Message from mmmmmmmmm™: So... I’ve been kinda flirting with Young-hee lately. It’s that “feels like it’s gonna work, but never does” thing. Tingly? Think Melon would like this as a story idea?
Message from Dies_irae69: Not sure where you are, but isn’t it time you joined our group already? Heard Seoul’s basically done for.
“......”
I don’t think I’ve had such a bad life on the internet.
Sure, my wit and humor helped with popularity, but I gave a lot back too.
Smiling faintly, I sent a message to the precious girl who first made my chest tighten with emotion.
SKELTON: (Skelton ㅇㅅㅇ) Just saw your message, but if you’re a good girl, you should be asleep by now, right?
Message from COOKIEMONSTER18: I’m not a good girl~ :(
SKELTON: Whoops
Message from COOKIEMONSTER18: Huhgks!
SKELTON: Haha... What’s up?
Wiping my face with a cloth dampened in soapy water instead of washing up properly, I glanced at the monitor with sleepy eyes.
Soon, a new message appeared.
Message from COOKIEMONSTER18: I’ve been thinking about what you said. About how to make that loser Melon Mask happy again?
SKELTON: Got a good idea?
She puts her head together with mine.
Message from COOKIEMONSTER18: Bumpy.
SKELTON: Bumpy?
I listen.
Message from COOKIEMONSTER18: He’s still at that station, right?

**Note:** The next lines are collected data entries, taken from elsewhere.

lemma exchange_kernel_nonneg:
  assumes "0 \<le> a" "0 \<le> b" shows "0 \<le> exchange_kernel a b"
proof -
  have "min a b powr (5/2) = min a b powr (3/2) * min a b"
    using assms powr_add[of "min a b" "3/2" 1] by simp
  also have "\<dots> \<le> min a b powr (3/2) * max a b" by (intro mult_left_mono) auto
  moreover have "0 \<le> min a b powr (3/2) * max a b" using assms by simp
  ultimately show ?thesis by (simp add: exchange_kernel_def)
qed

lemma exchange_kernel_le:
  assumes "0 \<le> a" "0 \<le> b"
  shows "exchange_kernel a b \<le> a powr (3/2) * b + b powr (3/2) * a"
proof -
  have "exchange_kernel a b \<le> min a b powr (3/2) * max a b"
    by (simp add: exchange_kernel_def)
  moreover have "min a b powr (3/2) * max a b \<le> a powr (3/2) * b
      \<or> min a b powr (3/2) * max a b \<le> b powr (3/2) * a"
    by (cases "a \<le> b") (simp_all add: min_absorb1 max_absorb2 min_absorb2 max_absorb1)
  moreover have "0 \<le> a powr (3/2) * b" "0 \<le> b powr (3/2) * a" using assms by simp_all
  ultimately show ?thesis by linarith
qed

What if we sent him back to Earth?
SKELTON: ?
Message from COOKIEMONSTER18: I mean, he died in space—but at least we could return his body to his homeland.
Message from COOKIEMONSTER18: He’s from the South American jungle, right?
Message from COOKIEMONSTER18: Lots of juicy fruit there.
SKELTON: !!
We gather and refine these ideas.
Message from Defender: Just like I said. I’m all for Skelton doing another power play, but maybe this time it’s better if Melon, that attention whore, gets to do something.
Message from Defender: That guy literally can’t stand not being the main character. Like being in space changed his trash personality—yeah right~?
And then, we pass it on.
Message from VIVA_BOT014: Huh? You want Melon Mask to personally return Bumpy’s remains to Earth and livestream it on Live! Apocalypse!?
It might not work out.
Message from VIVA_BOT014: I mean, how would that even be possible? Stick the corpse on a rocket? Even Melon doesn’t trust the rockets he’s supposed to ride himself.
There might be other opinions.
Message from VIVA_BOT014: I don’t know if you’re aware, but Melon’s orbit is about the same distance as the Moon...
And it’s those opinions that I believe show the true virtue of the internet.
If different thoughts exist, the whole point of our digital world is to quickly, easily, and globally realign and reshape those ideas.
That, I think, was the true intent of the one who first made this world.
SKELTON: Isn’t there an expert on the English board? We’ll ask for opinions. We’ll trade ideas. We’ll decide how to handle this together.
Message from VIVA_BOT014: (VivaBot pondering) Will... will this even work?
SKELTON: (Skelton sparkle eyes) Let’s find out.